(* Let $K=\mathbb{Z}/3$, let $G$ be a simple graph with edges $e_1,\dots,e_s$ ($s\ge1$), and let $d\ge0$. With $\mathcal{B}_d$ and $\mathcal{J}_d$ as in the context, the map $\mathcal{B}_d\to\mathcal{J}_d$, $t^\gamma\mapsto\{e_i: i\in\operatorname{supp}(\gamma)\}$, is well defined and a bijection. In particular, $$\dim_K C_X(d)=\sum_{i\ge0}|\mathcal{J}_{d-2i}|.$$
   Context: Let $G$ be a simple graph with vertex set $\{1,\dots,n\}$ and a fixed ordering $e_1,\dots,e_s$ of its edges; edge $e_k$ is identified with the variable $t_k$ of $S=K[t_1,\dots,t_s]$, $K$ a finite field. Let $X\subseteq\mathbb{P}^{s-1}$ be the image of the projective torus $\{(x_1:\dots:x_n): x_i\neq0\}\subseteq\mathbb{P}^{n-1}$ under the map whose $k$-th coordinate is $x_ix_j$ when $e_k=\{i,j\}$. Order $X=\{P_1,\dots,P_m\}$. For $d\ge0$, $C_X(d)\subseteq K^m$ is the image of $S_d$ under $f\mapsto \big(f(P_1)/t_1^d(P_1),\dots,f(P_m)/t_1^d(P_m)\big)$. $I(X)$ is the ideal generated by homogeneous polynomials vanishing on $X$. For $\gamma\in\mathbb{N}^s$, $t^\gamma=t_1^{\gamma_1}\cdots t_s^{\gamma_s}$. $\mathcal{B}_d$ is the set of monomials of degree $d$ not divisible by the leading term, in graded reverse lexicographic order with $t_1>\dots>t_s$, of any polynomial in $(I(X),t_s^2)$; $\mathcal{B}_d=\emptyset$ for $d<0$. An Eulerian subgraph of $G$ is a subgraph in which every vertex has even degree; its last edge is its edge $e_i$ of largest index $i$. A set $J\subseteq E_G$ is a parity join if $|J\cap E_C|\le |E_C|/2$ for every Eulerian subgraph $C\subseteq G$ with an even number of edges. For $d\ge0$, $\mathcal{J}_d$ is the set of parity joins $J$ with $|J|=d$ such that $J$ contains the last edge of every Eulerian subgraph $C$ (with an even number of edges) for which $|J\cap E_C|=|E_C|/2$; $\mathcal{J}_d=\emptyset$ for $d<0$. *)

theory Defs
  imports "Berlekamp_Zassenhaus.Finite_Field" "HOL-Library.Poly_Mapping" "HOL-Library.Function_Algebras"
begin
--------------------
**ABOUT THIS TASK:** Type out all of the records again, exactly.

**FINISHED EXERCISE:**
(* Let $K=\mathbb{Z}/3$, let $G$ be a simple graph with edges $e_1,\dots,e_s$ ($s\ge1$), and let $d\ge0$. With $\mathcal{B}_d$ and $\mathcal{J}_d$ as in the context, the map $\mathcal{B}_d\to\mathcal{J}_d$, $t^\gamma\mapsto\{e_i: i\in\operatorname{supp}(\gamma)\}$, is well defined and a bijection. In particular, $$\dim_K C_X(d)=\sum_{i\ge0}|\mathcal{J}_{d-2i}|.$$
   Context: Let $G$ be a simple graph with vertex set $\{1,\dots,n\}$ and a fixed ordering $e_1,\dots,e_s$ of its edges; edge $e_k$ is identified with the variable $t_k$ of $S=K[t_1,\dots,t_s]$, $K$ a finite field. Let $X\subseteq\mathbb{P}^{s-1}$ be the image of the projective torus $\{(x_1:\dots:x_n): x_i\neq0\}\subseteq\mathbb{P}^{n-1}$ under the map whose $k$-th coordinate is $x_ix_j$ when $e_k=\{i,j\}$. Order $X=\{P_1,\dots,P_m\}$. For $d\ge0$, $C_X(d)\subseteq K^m$ is the image of $S_d$ under $f\mapsto \big(f(P_1)/t_1^d(P_1),\dots,f(P_m)/t_1^d(P_m)\big)$. $I(X)$ is the ideal generated by homogeneous polynomials vanishing on $X$. For $\gamma\in\mathbb{N}^s$, $t^\gamma=t_1^{\gamma_1}\cdots t_s^{\gamma_s}$. $\mathcal{B}_d$ is the set of monomials of degree $d$ not divisible by the leading term, in graded reverse lexicographic order with $t_1>\dots>t_s$, of any polynomial in $(I(X),t_s^2)$; $\mathcal{B}_d=\emptyset$ for $d<0$. An Eulerian subgraph of $G$ is a subgraph in which every vertex has even degree; its last edge is its edge $e_i$ of largest index $i$. A set $J\subseteq E_G$ is a parity join if $|J\cap E_C|\le |E_C|/2$ for every Eulerian subgraph $C\subseteq G$ with an even number of edges. For $d\ge0$, $\mathcal{J}_d$ is the set of parity joins $J$ with $|J|=d$ such that $J$ contains the last edge of every Eulerian subgraph $C$ (with an even number of edges) for which $|J\cap E_C|=|E_C|/2$; $\mathcal{J}_d=\emptyset$ for $d<0$. *)

theory Defs
  imports "Berlekamp_Zassenhaus.Finite_Field" "HOL-Library.Poly_Mapping" "HOL-Library.Function_Algebras"
begin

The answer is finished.